One of the plans to raise between $119 and $129 million to fulfill the Kansas Supreme Court's school funding requirements is to cut funding to virtual schools by 50%.
"If we were to reduce funding in half, we wouldn't be around. We wouldn't be educating kids," said Gary Lewis, Educational Outreach Director at Maize Virtual Preparatory School. He and other virtual school leaders went to Topeka Monday to speak out against the proposed cuts because they're the cuts would end a 16 year tradition here in Kansas.
Virtual schools say if they closed every one of their students that moved over to a traditional brick and mortar school would end up costing the state more money.
There are 93 virtual or online schools in Kansas. That's a school where you study at home. The district sends the books to you and you take tests online. Teachers are available if you have questions electronically.
"I think it's kind of keeping up with the times," said Amy Asher who has four kids that attend the Maize Virtual Preparatory School. "I still have the input that I want to have as their mother, teaching them at home. But I also have the expertise of people who are in the field."
She likes the compromise between home schooling and getting the benefit from her tax dollars that pay for public schools. She, like many parents, is worried about proposed cuts to their school's funding.
"I don't see how any virtual school in our state can operate," said Lewis.
"They don't really understand how virtual schools work," said Doug Powers, superintendent of the Maize Public Schools.
He says they're required to meet the same standards as traditional schools and the students take the same state assessment exams. Last year 98% of students at Maize Virtual Preparatory School were rated proficient or better in reading, 95% in math and 88% in reading.
"What's important is that our legislators understand that these are Kansas kids receiving a Kansas education.
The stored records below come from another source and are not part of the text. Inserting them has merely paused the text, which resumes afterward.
lemma degree_classification:
  obtains (top_and_pair) q0 i j where "q0 \<in> {4..N}" "x q0 = gmul (gmul (x 1) (x 2)) (x 3)"
    "1 \<le> i" "i < j" "j \<le> 3" "\<chi> i (x i) = \<chi> j (x j)" "\<forall>l\<in>{4..N} - {q0}. x l = gmul (x i) (x j)"
  | (single_and_pair) q0 k i j where "q0 \<in> {4..N}" "5 \<le> N" "k \<in> {1,2,3}" "x q0 = x k"
    "i \<noteq> j" "{i, j} = {1,2,3} - {k}" "\<chi> i (x i) = \<chi> j (x j)"
    "\<forall>l\<in>{4..N} - {q0}. x l = gmul (x i) (x j)"
  | (pairs) i j where "4 \<le> N" "1 \<le> i" "i < j" "j \<le> 3" "\<chi> i (x i) = \<chi> j (x j)"
    "\<forall>l\<in>{4..N}. x l = gmul (x i) (x j)"
  | (singles) "inj_on x {4..N}" "x ` {4..N} \<subseteq> {x 1, x 2, x 3}" "N \<le> 6"
proof -
  consider (top) q0 where "q0 \<in> {4..N}" "supp (x q0) = {1,2,3}"
    | (single_pair) q0 q1 where "q0 \<in> {4..N}" "card (supp (x q0)) = 1"
        "q1 \<in> {4..N}" "card (supp (x q1)) = 2"
    | (pairs) q1 where "q1 \<in> {4..N}" "\<forall>q\<in>{4..N}. card (supp (x q)) = 2"
    | (singles) "\<forall>q\<in>{4..N}. card (supp (x q)) = 1"
    using tail_supp_cases by metis
  then show ?thesis
  proof cases
    case top
    have "supp (x q0) = supp (gmul (gmul (x 1) (x 2)) (x 3))"
      using top(2) by (auto simp: supp_gmul x_gen supp_gen)
    then have "x q0 = gmul (gmul (x 1) (x 2)) (x 3)"
      by (simp add: supp_inject)
    moreover obtain i j where "1 \<le> i" "i < j" "j \<le> 3" "\<chi> i (x i) = \<chi> j (x j)"
      "\<forall>l\<in>{4..N} - {q0}. x l = gmul (x i) (x j)"
      by (rule top_degree_case[OF top])
    ultimately show ?thesis
      by (rule that(1)[OF top(1)])
  next
    case single_pair
    then have "5 \<le> N"
      by (cases "q0 = q1") auto
    moreover obtain k i j where "k \<in> {1,2,3}" "x q0 = x k" "i \<noteq> j" "{i, j} = {1,2,3} - {k}"
      "\<chi> i (x i) = \<chi> j (x j)" "\<forall>l\<in>{4..N} - {q0}. x l = gmul (x i) (x j)"
      by (rule single_and_pair_degree_case[OF single_pair])
    ultimately show ?thesis
      by (rule that(2)[OF single_pair(1)])
  next
    case pairs
    then have "4 \<le> N"
      by simp
    obtain i j where "1 \<le> i" "i < j" "j \<le> 3" "\<chi> i (x i) = \<chi> j (x j)"
      "\<forall>l\<in>{4..N}. x l = gmul (x i) (x j)"
      by (rule pair_degrees_case[OF pairs])
    then show ?thesis
      by (rule that(3)[OF \<open>4 \<le> N\<close>])
  next
    case singles
    show ?thesis
      using single_degrees_case[OF singles] by (rule that(4))
  qed
qed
We are schools just like any other bricks and mortar school," said Lewis. "At $4030, which is what we're currently funded per full-time pupil, that allows us to provide the necessary resources to educate our children. So the textbooks, the microscopes, the lab equipment... the things that we send into the homes so that they can conduct our labs and complete our work. That's required so that they can meet the standards in Kansas."
"Not only is it a great avenue, a good option for some families and their children, we think it's a very cost effective way of educating kids," said Powers.
That $4030 per student virtual schools get is compared to the $3838 brick and mortar schools get. But that's all virtual schools get.
"There are no additional weightings," said Powers. "There's nothing extra with that."
Once all the additional funds for transportation, special education, building maintenance, etc., are added in the state pays brick and mortar schools per student "just around $10,000," said Powers. "When you look at the cost to us as a district for virtual students, it is quite a savings."
A savings that would disappear if even half of the 6,000 plus students attending Kansas virtual schools returned to brick and mortars.
"There are a lot of things at stake," said Powers. "And it's the education of our kids in Kansas that's being discussed."
Virtual schools are encouraging their parents to contact state lawmakers and ask them not to cut funding.
School leaders and parents also testified against the plan Monday before the House Appropriations Committee. Their testimony will continue Tuesday morning at 9 a.m.